There are eerie dream sequences, shifty-eyed maids and a man in a courtroom alleging murrrdah! Maxim is given a sleepwalking habit, a super-creepy behavior with an utterly scientific explanation. There’s even a carnivalesque masquerade scene that leads the audience to question, for just a moment, whether this really is a ghost story. But the scariest thing in the film is a cruel reality check from Mrs. Danvers: “He’ll leave you, he’ll divorce you. And then what’ll you do? You can’t remarry now,” she taunts.

Wheatley’s adaptation takes pains to make the narrator’s struggles more legible to a 21st century audience, doubling down on the inescapable dread of scarcity — that because there’s only one Maxim de Winter, there can only be one Mrs. de Winter. 

At almost every turn, women stymie each other. The 2020 Mrs. Van Hopper, the narrator’s employer in France — a cackling Ann Dowd — actively tries to thwart her employee’s budding romance, where the Mrs. Van Hopper of the Hitchcock film is clueless. Mrs. Danvers, whose machinations in the novel target the narrator directly, does one better in the film, instead tricking other women into doing her dirty work.
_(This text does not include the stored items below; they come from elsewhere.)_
lemma fps_deriv_block_egf:
  fixes u :: "'a::field_char_0"
  defines "S \<equiv> perm_egf (block_weight u)"
  shows "fps_deriv S = S * S + fps_const (u - 1) * S + fps_const (1 - u)"
proof -
  let ?s = "\<lambda>n. perm_sum (block_weight u) {0..<n}"
  have s0: "perm_sum (block_weight u) {} = 1"
    by (simp add: perm_sum_def)
  have "?s (Suc n) = (\<Sum>k\<le>n. of_nat (n choose k) * (?s k * ?s (n - k)) +
                                  (if k = 0 \<and> n \<noteq> 0 then (u - 1) * ?s n else 0))" for n
    unfolding perm_sum_block_weight_Suc by (rule sum.cong) (auto simp: s0 algebra_simps)
  then have "?s (Suc n) = (\<Sum>k\<le>n. of_nat (n choose k) * (?s k * ?s (n - k))) +
                          (if n = 0 then 0 else (u - 1) * ?s n)" for n
    by (simp add: sum.distrib)
  then have "fps_deriv S = egf (\<lambda>n. \<Sum>k\<le>n. of_nat (n choose k) * (?s k * ?s (n - k))) +
                           egf (\<lambda>n. if n = 0 then 0 else (u - 1) * ?s n)"
    unfolding S_def perm_egf_def fps_deriv_egf egf_add[symmetric] by simp
  also have "egf (\<lambda>n. if n = 0 then 0 else (u - 1) * ?s n) = fps_const (u - 1) * S + fps_const (1 - u)"
    by (simp add: S_def perm_egf_def egf_def fps_eq_iff s0 algebra_simps)
  finally show ?thesis
    by (simp add: egf_binomial_convolution[of ?s ?s] S_def perm_egf_def add.assoc)
qed

lemma fps_deriv_left_egf:
  "fps_deriv (perm_egf (left_weight u a)) =
   fps_const a * perm_egf (left_weight u a) * perm_egf (block_weight u)"
  by (simp add: perm_egf_def fps_deriv_egf perm_sum_left_weight_Suc sum_distrib_left mult.assoc
      flip: egf_binomial_convolution egf_scale)

lemma fps_deriv_right_egf:
  fixes u b :: "'a::field_char_0"
  shows "fps_deriv (perm_egf (right_weight u b)) =
         fps_const b * (perm_egf (block_weight u) + fps_const (u - 1)) * perm_egf (right_weight u b)"
proof -
  let ?s = "\<lambda>k. (if k = 0 then u else 1) * perm_sum (block_weight u) {0..<k}"
  let ?q = "\<lambda>n. perm_sum (right_weight u b) {0..<n}"
  have "?q (Suc n) = b * (\<Sum>k\<le>n. of_nat (n choose k) * (?s k * ?q (n - k)))" for n
    unfolding perm_sum_right_weight_Suc sum_distrib_left by (rule sum.cong) (simp_all add: mult_ac)
  then have "fps_deriv (perm_egf (right_weight u b)) = fps_const b * (egf ?s * perm_egf (right_weight u b))"
    unfolding perm_egf_def fps_deriv_egf egf_scale[symmetric] egf_binomial_convolution[symmetric]
    by simp
  also have "egf ?s = perm_egf (block_weight u) + fps_const (u - 1)"
    by (simp add: perm_egf_def egf_def fps_eq_iff perm_sum_def)
  finally show ?thesis
    by (simp add: mult.assoc)
qed

lemma egf_rda_weight:
  "egf (\<lambda>n. perm_sum (rda_weight u a b) {1..n+1}) = perm_egf (left_weight u a) * perm_egf (right_weight u b)"
  unfolding perm_sum_rda_weight by (simp add: perm_egf_def flip: egf_binomial_convolution)

lemma fps_deriv_cosh_half:
  fixes W :: "'a::field_char_0"
  shows "fps_deriv (cosh_half W) = fps_const (W / 2) * sinh_half_div W"
proof (rule fps_ext)
  fix n
  show "fps_nth (fps_deriv (cosh_half W)) n = fps_nth (fps_const (W / 2) * sinh_half_div W) n"
  proof (cases "even n")
    case False
    then have "n = Suc (2 * (n div 2))"
      by simp
    then show ?thesis
      by (simp add: cosh_half_def sinh_half_div_def del: of_nat_Suc)
  qed (simp add: cosh_half_def sinh_half_div_def)
qed

lemma fps_deriv_sinh_half_div:
  fixes W :: "'a::field_char_0"
  shows "fps_deriv (sinh_half_div W) = fps_const (1 / 2) * cosh_half W"
proof (rule fps_ext)
  fix n
  show "fps_nth (fps_deriv (sinh_half_div W)) n = fps_nth (fps_const (1 / 2) * cosh_half W) n"
  proof (cases "even n")
    case True
    then have "n = 2 * (n div 2)"
      by simp
    then show ?thesis
      by (simp add: cosh_half_def sinh_half_div_def del: of_nat_Suc)
  qed (simp add: cosh_half_def sinh_half_div_def)
qed

lemma fps_powr_nth_0 [simp]: "fps_nth (fps_powr G c) 0 = 1"
  by (simp add: fps_powr_def)

lemma fps_deriv_fps_powr:
  fixes G :: "'a::field_char_0 fps"
  assumes G0: "fps_nth G 0 = 1"
  shows "fps_deriv (fps_powr G c) = fps_powr G c * (fps_const c * fps_deriv G * inverse G)"
proof -
  let ?H = "G - 1"
  have H0: "fps_nth ?H 0 = 0"
    using G0 by simp
  have "inverse (1 + fps_X) oo ?H = inverse ((1 + fps_X) oo ?H)"
    using H0 by (intro fps_inverse_compose) simp_all
  also have "(1 + fps_X) oo ?H = G"
    using H0 by (simp add: fps_compose_add_distrib)
  finally have "fps_deriv (fps_ln 1 oo ?H) = inverse G * fps_deriv G"
    using H0 by (simp add: fps_compose_deriv fps_ln_deriv)
  moreover have "fps_nth (fps_const c * (fps_ln 1 oo ?H)) 0 = 0"
    by (simp add: fps_compose_nth fps_ln_nth)
  ultimately show ?thesis
    by (simp add: fps_powr_def fps_compose_deriv mult_ac)
qed

text \<open>
  \<open>rda_denom u\<close> is the reciprocal \<open>(w cosh (w t / 2) - (1 + u) sinh (w t / 2)) / w\<close> of the
  bracketed base.
\<close>

definition rda_denom :: "'a::field_char_0 \<Rightarrow> 'a fps" where
  "rda_denom u = cosh_half ((u + 1)^2 - 4) - fps_const (1 + u) * sinh_half_div ((u + 1)^2 - 4)"

lemma rda_denom_nth_0 [simp]: "fps_nth (rda_denom u) 0 = 1"
  by (simp add: rda_denom_def cosh_half_def sinh_half_div_def)

lemma rda_denom_nth_1: "fps_nth (rda_denom u) 1 = - (1 + u) / 2"
  by (simp add: rda_denom_def cosh_half_def sinh_half_div_def field_simps)

lemma fps_deriv2_rda_denom:
  "fps_deriv (fps_deriv (rda_denom u)) = fps_const (((u + 1)^2 - 4) / 4) * rda_denom u"
proof -
  define W where "W = (u + 1)^2 - 4"
  have "rda_denom u = cosh_half W - fps_const (1 + u) * sinh_half_div W"
    by (simp add: rda_denom_def W_def)
  moreover have "fps_deriv (fps_deriv (cosh_half W - fps_const (1 + u) * sinh_half_div W)) =
                 fps_const (W / 4) * (cosh_half W - fps_const (1 + u) * sinh_half_div W)"
    by (intro fps_ext) (simp add: fps_deriv_cosh_half fps_deriv_sinh_half_div field_simps)
  ultimately have "fps_deriv (fps_deriv (rda_denom u)) = fps_const (W / 4) * rda_denom u"
    by simp
  then show ?thesis
    by (simp add: W_def)
qed
lemma splittings_Node: "splittings (Node cs) = (\<Sum>j<length cs. split_block cs j)"
proof (cases "cs = []")
  case False
  then show ?thesis
    using mset_filter_splittings_Node[where Q = "\<lambda>_. True"]
    by (simp add: splittings_def lessThan_def)
qed (simp add: splittings_def)

lemma splittings_Leaf: "splittings Leaf = {#(Leaf, Leaf)#}"
  by (simp add: splittings_def lsplit.simps rsplit.simps)

lemma inj_graft_left: "inj (graft_left cs j)"
  by (auto simp: inj_def graft_left_def)

lemma inj_graft_right: "inj (graft_right cs j)"
  by (auto simp: inj_def graft_right_def)

lemma count_split_block_graft:
  "count (split_block cs j) (graft_left cs j a, graft_right cs j b)
   = count (splittings (cs ! j)) (a, b)"
  using count_image_mset_inj[OF prod.inj_map[OF inj_graft_left inj_graft_right], where x = "(a, b)"]
  by (simp add: split_block_def)

lemma count_split_block_eq_0:
  "(\<And>a b. (u, v) \<noteq> (graft_left cs j a, graft_right cs j b)) \<Longrightarrow> count (split_block cs j) (u, v) = 0"
  unfolding split_block_def by (rule count_image_mset_notin_range) auto

lemma count_split_block_first:
  assumes "2 \<le> length cs"
  shows "count (split_block cs 0) (u, Node (b # ss))
       = (if ss = tl cs then count (splittings (hd cs)) (u, b) else 0)"
proof -
  have graft: "graft_left cs 0 a = a" "graft_right cs 0 b = Node (b # tl cs)" for a b
    using assms by (simp_all add: graft_left_def graft_right_def drop_Suc)
  have "hd cs = cs ! 0"
    using assms by (cases cs) auto
  show ?thesis
  proof (cases "ss = tl cs")
    case True
    then show ?thesis
      using count_split_block_graft[of cs 0 u b] \<open>hd cs = cs ! 0\<close> by (simp add: graft)
  next
    case False
    then show ?thesis
      by (simp add: count_split_block_eq_0 graft)
  qed
qed

lemma count_split_block_last:
  assumes "2 \<le> length cs"
  shows "count (split_block cs (length cs - 1)) (Node (ps @ [a]), v)
       = (if ps = butlast cs then count (splittings (last cs)) (a, v) else 0)"
proof -
  define k where "k = length cs - 1"
  have graft: "graft_left cs k a = Node (butlast cs @ [a])" "graft_right cs k b = b" for a b
    using assms by (simp_all add: k_def graft_left_def graft_right_def butlast_conv_take)
  have "cs ! k = last cs"
    using assms by (cases cs rule: rev_exhaust) (auto simp: k_def)
  then show ?thesis
    unfolding k_def[symmetric]
    using count_split_block_graft[of cs k a v] by (auto simp: graft intro: count_split_block_eq_0)
qed

lemma count_split_block_middle:
  assumes "0 < j" "j < length cs - 1"
  shows "count (split_block cs j) (Node (ps @ [a]), Node (b # ss))
       = (if ps = take j cs \<and> ss = drop (Suc j) cs then count (splittings (cs ! j)) (a, b) else 0)"
proof -
  have graft: "graft_left cs j a = Node (take j cs @ [a])"
      "graft_right cs j b = Node (b # drop (Suc j) cs)" for a b
    using assms by (simp_all add: graft_left_def graft_right_def)
  show ?thesis
    using count_split_block_graft[of cs j a b] by (auto simp: graft intro: count_split_block_eq_0)
qed

lemma count_split_blocks_middle:
  assumes "ps \<noteq> []" "ss \<noteq> []"
  shows "(\<Sum>j\<in>{1..<length cs - 1}. count (split_block cs j) (Node (ps @ [a]), Node (b # ss)))
       = (if \<exists>c. cs = ps @ c # ss then count (splittings (cs ! length ps)) (a, b) else 0)"
    (is "?sum = (if ?graft then ?count else 0)")
proof -
  have "?sum = (\<Sum>j\<in>{1..<length cs - 1}. if j = length ps then if ?graft then ?count else 0 else 0)"
  proof (rule sum.cong [OF refl])
    fix j
    assume j: "j \<in> {1..<length cs - 1}"
    then have "cs = take j cs @ cs ! j # drop (Suc j) cs"
      by (intro id_take_nth_drop) auto
    then show "count (split_block cs j) (Node (ps @ [a]), Node (b # ss))
        = (if j = length ps then if ?graft then ?count else 0 else 0)"
      using j by (auto simp: count_split_block_middle)
  qed
  also have "\<dots> = (if ?graft then ?count else 0)"
    using assms by (auto simp: Suc_le_eq)
  finally show ?thesis .
qed

lemma count_split_block_Leaf_left: "0 < j \<Longrightarrow> count (split_block cs j) (Leaf, v) = 0"
  by (rule count_split_block_eq_0) (simp add: graft_left_def)

lemma count_split_block_Leaf_right: "j < length cs - 1 \<Longrightarrow> count (split_block cs j) (u, Leaf) = 0"
  by (rule count_split_block_eq_0) (simp add: graft_right_def)

lemma count_splittings_Leaf_left:
  "wf_tree t \<Longrightarrow> count (splittings t) (Leaf, v) = (if v = t then 1 else 0)"
proof (induction t arbitrary: v)
  case Leaf
  then show ?case
    by (simp add: splittings_Leaf)
next
  case (Node cs)
  have len: "2 \<le> length cs" and "list_all wf_tree cs"
    using Node.prems by simp_all
  then have hd: "hd cs \<in> set cs" "wf_tree (hd cs)" and cs: "cs = hd cs # tl cs"
    by (cases cs; simp)+
  have "count (split_block cs 0) (Leaf, v) = (if v = Node cs then 1 else 0)"
  proof (cases "\<exists>b ss. v = Node (b # ss)")
    case True
    then obtain b ss where "v = Node (b # ss)"
      by blast
    then show ?thesis
      using count_split_block_first[OF len] Node.IH[OF hd] cs by (metis list.inject ptree.inject)
  next
    case False
    then show ?thesis
      using len cs by (auto intro!: count_split_block_eq_0 simp: graft_left_def graft_right_def)
  qed
  then show ?case
    using len
    by (simp add: splittings_Node count_sum sum_lessThan_first_middle_last
        count_split_block_Leaf_left)
qed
Female servants revel in the narrator’s stumbles up society’s ladder. The scarcity of resources is a financial one, but the cards are dealt based on gender. It’s a zero-sum game.

So who is the bad guy here? Hitchcock’s adaptation of Rebecca famously altered the ending in compliance with the moral guidelines of Hollywood’s Hays code, making any attempt to identify the story’s villain even more precarious. But Wheatley’s adaptation crowns a villain worthy of the antihero era in its final frame. 

Without spoiling anything, let’s just say the palpable relief on the narrator’s face in the Netflix adaptation, upon the revelation of the circumstances of Rebecca’s death, is the most chilling part of the film. With this third-act twist, she sheds the cloak of the naïf like a butterfly emerging furiously from its chrysalis. Schadenfreude personified — monsterified.